>>>

locale endo_equilibrium = prob_space F for F :: "real measure" +
  fixes n :: nat and a c k \<phi> :: real and S :: "real set"
    and \<delta> :: "real \<Rightarrow> nat" and \<xi> :: "real \<Rightarrow> real"
  assumes n_ge_2: "2 \<le> n" and a_pos: "0 < a" and c_gt: "a * (real n - 1) < c" and k_pos: "0 < k"
    and sets_F: "sets F = sets borel" and atomless: "\<And>t. measure F {t} = 0"
    and S_support: "S = measure_support F" and compact_S: "compact S" and S_nonneg: "S \<subseteq> {0..}"
    and equilibrium: "endo_friend_eq n a c k \<phi> F S \<delta> \<xi>"
    and two_degrees: "two_degrees F \<delta>"
begin

abbreviation "mean_deg \<equiv> expectation (\<lambda>\<theta>. real (\<delta> \<theta>))"
abbreviation "mean_deg_sq \<equiv> expectation (\<lambda>\<theta>. (real (\<delta> \<theta>))\<^sup>2)"
abbreviation "mean_type \<equiv> expectation (\<lambda>\<theta>. \<theta>)"
abbreviation "mean_deg_type \<equiv> expectation (\<lambda>\<theta>. real (\<delta> \<theta>) * \<theta>)"
abbreviation "nbr_action \<equiv> nbr_exp F \<delta> \<xi>"

lemma c_pos: "0 < c"
proof -
  have "1 \<le> real n - 1"
    using n_ge_2 by simp
  then have "a \<le> a * (real n - 1)"
    using a_pos by simp
  then show ?thesis
    using a_pos c_gt by linarith
qed

lemma AE_S: "AE \<theta> in F. \<theta> \<in> S"
  using AE_in_measure_support[OF sets_F] S_support by simp

lemma delta_measurable [measurable]: "\<delta> \<in> measurable F (count_space UNIV)"
  using equilibrium by (simp add: endo_friend_eq_def)

lemma real_delta_measurable [measurable]: "(\<lambda>\<theta>. real (\<delta> \<theta>)) \<in> borel_measurable F"
  using measurable_compose[OF delta_measurable, of real borel] by simp

lemma type_measurable [measurable]: "(\<lambda>\<theta>. \<theta>) \<in> borel_measurable F"
  using measurable_ident_sets[OF sets_F] .

lemma delta_le: "\<theta> \<in> S \<Longrightarrow> \<delta> \<theta> \<le> n - 1"
  using equilibrium by (simp add: endo_friend_eq_def)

<<<

WHAT IS REQUIRED:
Every record above is to be transcribed exactly.

WRITTEN SOLUTION:
locale endo_equilibrium = prob_space F for F :: "real measure" +
  fixes n :: nat and a c k \<phi> :: real and S :: "real set"
    and \<delta> :: "real \<Rightarrow> nat" and \<xi> :: "real \<Rightarrow> real"
  assumes n_ge_2: "2 \<le> n" and a_pos: "0 < a" and c_gt: "a * (real n - 1) < c" and k_pos: "0 < k"
    and sets_F: "sets F = sets borel" and atomless: "\<And>t. measure F {t} = 0"
    and S_support: "S = measure_support F" and compact_S: "compact S" and S_nonneg: "S \<subseteq> {0..}"
    and equilibrium: "endo_friend_eq n a c k \<phi> F S \<delta> \<xi>"
    and two_degrees: "two_degrees F \<delta>"
begin

abbreviation "mean_deg \<equiv> expectation (\<lambda>\<theta>. real (\<delta> \<theta>))"
abbreviation "mean_deg_sq \<equiv> expectation (\<lambda>\<theta>. (real (\<delta> \<theta>))\<^sup>2)"
abbreviation "mean_type \<equiv> expectation (\<lambda>\<theta>. \<theta>)"
abbreviation "mean_deg_type \<equiv> expectation (\<lambda>\<theta>. real (\<delta> \<theta>) * \<theta>)"
abbreviation "nbr_action \<equiv> nbr_exp F \<delta> \<xi>"

lemma c_pos: "0 < c"
proof -
  have "1 \<le> real n - 1"
    using n_ge_2 by simp
  then have "a \<le> a * (real n - 1)"
    using a_pos by simp
  then show ?thesis
    using a_pos c_gt by linarith
qed

lemma AE_S: "AE \<theta> in F. \<theta> \<in> S"
  using AE_in_measure_support[OF sets_F] S_support by simp

lemma delta_measurable [measurable]: "\<delta> \<in> measurable F (count_space UNIV)"
  using equilibrium by (simp add: endo_friend_eq_def)

lemma real_delta_measurable [measurable]: "(\<lambda>\<theta>. real (\<delta> \<theta>)) \<in> borel_measurable F"
  using measurable_compose[OF delta_measurable, of real borel] by simp

lemma type_measurable [measurable]: "(\<lambda>\<theta>. \<theta>) \<in> borel_measurable F"
  using measurable_ident_sets[OF sets_F] .

lemma delta_le: "\<theta> \<in> S \<Longrightarrow> \<delta> \<theta> \<le> n - 1"
  using equilibrium by (simp add: endo_friend_eq_def)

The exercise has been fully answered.